SpaceMunkey, I think you are in a good position! This is exactly what I would want - Nav but no Connect crap. Don't get me wrong, I'm a huge Twitter addict, but there's no place for it in a car. Facebook no longer works anyway as far as I understand.


----------



## carrock (Mar 17, 2011)

LEIGH-H said:


> SpaceMunkey said:
> 
> 
> > carrock said:
> ...


exactly right. One of the first things I did when I got the car 2 months ago was update the maps on SD card as the dealer had never updated them. Audi Connect would be a nice to have but the cost of installing a new head unit with sim card slot and unlocking the Audi connect software would be steep I think


----------



## elboobio (Mar 4, 2016)

I wish the rest of us who have neither nav or connect could have this set up.


----------



## LEIGH-H (Feb 24, 2016)

Give it another few months and you'll be able to have it retrofitted by the dealer - if you fancy spending circa £500 for a less effective TomTom! It does look pretty though and pretty costs money.

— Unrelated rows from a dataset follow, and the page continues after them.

lemma bad_below_weight_le:
  assumes F: "finite F" and G: "G \<subseteq> F" and n: "16 \<le> n"
    and balanced: "\<And>A. A \<in> G \<Longrightarrow> n \<le> 4 * card A \<and> 4 * card A \<le> 3 * n"
  shows "((n div 4) choose 4) * (\<Sum>(A, B)\<in>{(A, B) \<in> bad_pairs F K a b G. bad_below F K b A B}.
            pair_weight n A B) \<le> K * sum (lym_weight n) G"
proof (rule sum_le_by_fibres[where f = snd])
  let ?R = "{(A, B) \<in> bad_pairs F K a b G. bad_below F K b A B}"
  show fin: "finite G" using finite_subset[OF G F] .
  have "?R \<subseteq> bad_pairs F K a b G" by auto
  thus "finite ?R" using finite_subset[OF _ finite_bad_pairs[OF fin]] by blast
  show "snd ` ?R \<subseteq> G" using bad_pairsD[of _ _ F K a b G] by auto
  fix B
  have "{A. (A, B) \<in> ?R} \<subseteq> {A\<in>F. A \<subset> B \<and> bad_below F K b A B}"
    using G bad_pairsD[of _ B F K a b G] by auto
  from card_mono[OF _ this] have "card {A. (A, B) \<in> ?R} \<le> K"
    using card_bad_below_le[OF F, of B K b] F by simp
  thus "card {p\<in>?R. snd p = B} \<le> K" by (simp only: card_snd_fibre)
next
  fix p assume "p \<in> {(A, B) \<in> bad_pairs F K a b G. bad_below F K b A B}"
  then obtain A B where p: "p = (A, B)" "(A, B) \<in> bad_pairs F K a b G" by auto
  from bad_pairsD[OF p(2)] have AB: "A \<in> G" "B \<in> G" "card A + 4 \<le> card B" by auto
  thus "((n div 4) choose 4) * (case p of (A, B) \<Rightarrow> pair_weight n A B) \<le> lym_weight n (snd p)"
    using p(1) pair_weight_le_upper[OF n AB(3)] balanced[OF AB(1)] by simp
qed
(* Let $a=\{a_1,\dots,a_m\}$ be a set of positive integers and $n\ge 0$. There exist a function $P_{n,a}:\mathbb{Z}_{\ge0}\to\mathbb{Q}$ (in fact a polynomial) and an integer $N$ such that for every $s\ge 1$ and all integers $k_1,\dots,k_s\ge N$, the number of $n$-element independent sets of the disjoint union $F(a,k_1)+F(a,k_2)+\cdots+F(a,k_s)$ equals $P_{n,a}(k_1+\cdots+k_s)$. In other words, this number depends only on $a$, $n$ and $\sum_ik_i$.
   Context: For a set $a=\{a_1,\dots,a_m\}$ of positive integers and a positive integer $k$, $F(a,k)$ is the simple graph with vertex set $\mathbb{Z}/k\mathbb{Z}$ in which distinct vertices $i,j$ are adjacent if and only if $i-j\equiv a_r\pmod k$ or $j-i\equiv a_r\pmod k$ for some $1\le r\le m$. $G_1+\cdots+G_s$ denotes the disjoint union of graphs. An independent set is a set of vertices no two of which are adjacent. *)

theory Defs
  imports "HOL-Computational_Algebra.Polynomial"
begin

text \<open>The circulant graph F(a,k): vertex set Z/kZ, represented by {0..<k}.
  Distinct vertices i, j are adjacent iff i - j = r or j - i = r (mod k) for some r in a.\<close>
definition circ_adj :: "nat set \<Rightarrow> nat \<Rightarrow> nat \<Rightarrow> nat \<Rightarrow> bool" where
  "circ_adj a k i j \<longleftrightarrow> i \<noteq> j \<and>
     (\<exists>r\<in>a. (int i - int j) mod int k = int r mod int k \<or>
             (int j - int i) mod int k = int r mod int k)"

text \<open>Disjoint union F(a,k 0) + ... + F(a,k (s-1)): vertices are pairs (t,i) with t < s, i < k t.\<close>
definition union_verts :: "nat \<Rightarrow> (nat \<Rightarrow> nat) \<Rightarrow> (nat \<times> nat) set" where
  "union_verts s k = {(t, i). t < s \<and> i < k t}"

definition union_adj :: "nat set \<Rightarrow> (nat \<Rightarrow> nat) \<Rightarrow> nat \<times> nat \<Rightarrow> nat \<times> nat \<Rightarrow> bool" where
  "union_adj a k v w \<longleftrightarrow> fst v = fst w \<and> circ_adj a (k (fst v)) (snd v) (snd w)"

definition union_indep :: "nat set \<Rightarrow> nat \<Rightarrow> (nat \<Rightarrow> nat) \<Rightarrow> (nat \<times> nat) set \<Rightarrow> bool" where
  "union_indep a s k S \<longleftrightarrow> S \<subseteq> union_verts s k \<and>
     (\<forall>v\<in>S. \<forall>w\<in>S. \<not> union_adj a k v w)"

definition num_indep :: "nat set \<Rightarrow> nat \<Rightarrow> nat \<Rightarrow> (nat \<Rightarrow> nat) \<Rightarrow> nat" where
  "num_indep a n s k = card {S. union_indep a s k S \<and> card S = n}"

end

theory Submission
  imports Defs "HOL-Computational_Algebra.Formal_Power_Series"
begin

text \<open>An independent set of F(a,k) is a set S of residues mod k whose periodic extension
  contains no two integers differing by an element of a. Only differences up to M = max a occur,
  so points of S further than M apart do not interact, and an m-element configuration decomposes
  into blocks, each a translate of a cluster of diameter at most 2mM, separated by gaps longer
  than M. Let P L and C k be the generating functions of admissible sets on the path {0..<L} and on
  the k-cycle. Splitting off the last block gives a linear recursion for P; comparing the two
  expansions of P (L+1) * P L' and P L * P (L'+1) shows that modulo x^(n+1) the coefficients of
  P L1 * P L2 depend only on L1 + L2 for large arguments, hence P (L+1) = P L * E for a fixed series
  E with integral coefficients and constant term 1. Classifying cyclic configurations by the block
  at position 0 expresses C k through P, so C (k+1) = C k * E and C k = Z * E^k for large k. By
  rotation k divides m times the number of m-subsets of the k-cycle, which forces Z = 1 modulo
  x^(n+1). The generating function of the disjoint union is the product of the C (k_i), hence
  congruent to E^K with K the sum of the k_i, and the n-th coefficient of
  E^K = \<Sum>i. (K choose i) (E - 1)^i is a polynomial in K because (E - 1)^i vanishes below
  degree i.\<close>

unbundle fps_syntax

section \<open>Configurations avoiding the differences\<close>

definition diff_free :: "nat set \<Rightarrow> int set \<Rightarrow> bool" where
  "diff_free a T \<longleftrightarrow> (\<forall>u\<in>T. \<forall>r\<in>a. u + int r \<notin> T)"

lemma diff_free_subset: "diff_free a T \<Longrightarrow> U \<subseteq> T \<Longrightarrow> diff_free a U"
  unfolding diff_free_def by blast

lemma diff_free_image_add_left: "diff_free a ((\<lambda>c. y + c) ` C) \<longleftrightarrow> diff_free a C"
  unfolding diff_free_def by (auto simp: add.assoc)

Raking up the advice of others, a Kenu airframe will fit the mk3 air vent and hold your smartphone steadily. Using one of these and running 'Waze' on your smartphone generally will get you there faster and more accurately than the Audi sat nav. It won't look quite as pretty (although the airframe is quite nice as far as phone holders go and it suits the mk3 interior), but you'll be too busy spending the money you've saved towards a nice holiday or something 'real' to be worrying about your virtual cockpit.


----------



## elboobio (Mar 4, 2016)

I know everyone who has the nav says it's inferior to Waze and I'm sure it is. But seems a shame to have a navigation button that's only use is to tell me I don't have nav.

(P.s. if you have a 6 inch smartphone like me, slide open the USB compartment and if you sit your phone landscape corner to corner in the opened space you have a discrete phone holder that's right next to your charging point. The view is sometimes obscured by the gear lever but only when you're in 5th).


----------